ACTION ITEM - Identify each line in the records below that contains the word "definition", and copy it.

##### DATA TO EXAMINE

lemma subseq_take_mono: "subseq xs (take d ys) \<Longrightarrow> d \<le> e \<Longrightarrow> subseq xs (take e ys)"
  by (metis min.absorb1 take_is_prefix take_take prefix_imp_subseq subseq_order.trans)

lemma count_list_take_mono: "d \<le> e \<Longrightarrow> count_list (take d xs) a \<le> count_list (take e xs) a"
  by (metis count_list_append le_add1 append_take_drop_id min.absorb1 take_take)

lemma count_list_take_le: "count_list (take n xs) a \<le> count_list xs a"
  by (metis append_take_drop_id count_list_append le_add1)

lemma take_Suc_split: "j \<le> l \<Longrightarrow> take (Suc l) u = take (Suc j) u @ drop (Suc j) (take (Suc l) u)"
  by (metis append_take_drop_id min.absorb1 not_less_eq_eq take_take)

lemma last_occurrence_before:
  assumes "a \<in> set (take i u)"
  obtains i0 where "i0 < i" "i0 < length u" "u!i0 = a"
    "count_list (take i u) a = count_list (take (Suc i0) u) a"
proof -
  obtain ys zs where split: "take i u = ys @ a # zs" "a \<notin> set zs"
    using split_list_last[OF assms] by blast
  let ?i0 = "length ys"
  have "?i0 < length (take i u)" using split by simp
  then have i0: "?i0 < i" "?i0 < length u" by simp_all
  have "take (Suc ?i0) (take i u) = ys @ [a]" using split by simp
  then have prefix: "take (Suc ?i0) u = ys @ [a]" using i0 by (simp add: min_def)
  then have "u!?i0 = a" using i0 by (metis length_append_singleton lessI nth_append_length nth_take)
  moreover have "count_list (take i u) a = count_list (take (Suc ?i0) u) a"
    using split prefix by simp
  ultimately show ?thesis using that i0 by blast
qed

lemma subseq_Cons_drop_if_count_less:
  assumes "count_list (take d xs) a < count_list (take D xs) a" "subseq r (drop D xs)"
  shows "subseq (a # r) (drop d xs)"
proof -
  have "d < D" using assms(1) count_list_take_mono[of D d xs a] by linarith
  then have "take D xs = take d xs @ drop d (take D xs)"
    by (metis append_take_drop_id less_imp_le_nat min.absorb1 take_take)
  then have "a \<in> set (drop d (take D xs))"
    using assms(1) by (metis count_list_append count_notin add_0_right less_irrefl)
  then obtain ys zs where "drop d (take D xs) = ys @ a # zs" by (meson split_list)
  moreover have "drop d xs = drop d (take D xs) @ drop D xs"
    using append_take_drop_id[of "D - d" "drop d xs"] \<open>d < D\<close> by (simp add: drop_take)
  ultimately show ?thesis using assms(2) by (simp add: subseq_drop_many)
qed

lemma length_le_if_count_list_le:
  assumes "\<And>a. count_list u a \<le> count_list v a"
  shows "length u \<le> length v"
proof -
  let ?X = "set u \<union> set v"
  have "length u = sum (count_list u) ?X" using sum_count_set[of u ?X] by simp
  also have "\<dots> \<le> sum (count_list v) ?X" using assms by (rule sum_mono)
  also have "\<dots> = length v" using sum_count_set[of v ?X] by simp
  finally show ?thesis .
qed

##########
##### DATA TO EXAMINE

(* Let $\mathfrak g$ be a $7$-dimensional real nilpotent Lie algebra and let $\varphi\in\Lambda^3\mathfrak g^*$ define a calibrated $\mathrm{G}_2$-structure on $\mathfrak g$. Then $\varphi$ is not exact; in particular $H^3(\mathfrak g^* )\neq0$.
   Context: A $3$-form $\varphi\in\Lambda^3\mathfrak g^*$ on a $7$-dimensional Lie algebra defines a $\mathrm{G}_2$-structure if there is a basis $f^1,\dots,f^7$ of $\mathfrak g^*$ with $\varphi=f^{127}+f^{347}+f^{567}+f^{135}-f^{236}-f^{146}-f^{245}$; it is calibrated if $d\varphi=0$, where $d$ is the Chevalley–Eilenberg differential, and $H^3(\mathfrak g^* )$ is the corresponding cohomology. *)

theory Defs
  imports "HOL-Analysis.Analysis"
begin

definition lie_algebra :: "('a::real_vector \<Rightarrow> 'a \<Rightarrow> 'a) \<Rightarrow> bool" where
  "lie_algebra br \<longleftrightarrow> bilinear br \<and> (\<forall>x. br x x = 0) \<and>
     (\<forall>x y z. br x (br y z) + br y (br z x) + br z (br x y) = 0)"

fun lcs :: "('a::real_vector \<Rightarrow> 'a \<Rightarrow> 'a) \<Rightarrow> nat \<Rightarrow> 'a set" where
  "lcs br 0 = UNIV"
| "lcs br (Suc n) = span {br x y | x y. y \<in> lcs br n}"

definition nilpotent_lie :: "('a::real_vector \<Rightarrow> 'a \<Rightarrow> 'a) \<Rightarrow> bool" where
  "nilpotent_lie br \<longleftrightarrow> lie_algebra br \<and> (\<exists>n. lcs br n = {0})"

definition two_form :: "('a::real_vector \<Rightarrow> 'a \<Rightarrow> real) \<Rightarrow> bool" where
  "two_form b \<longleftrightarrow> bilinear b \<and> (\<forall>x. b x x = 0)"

##########

SOLVED EXERCISE -
definition lie_algebra :: "('a::real_vector \<Rightarrow> 'a \<Rightarrow> 'a) \<Rightarrow> bool" where
definition nilpotent_lie :: "('a::real_vector \<Rightarrow> 'a \<Rightarrow> 'a) \<Rightarrow> bool" where
definition two_form :: "('a::real_vector \<Rightarrow> 'a \<Rightarrow> real) \<Rightarrow> bool" where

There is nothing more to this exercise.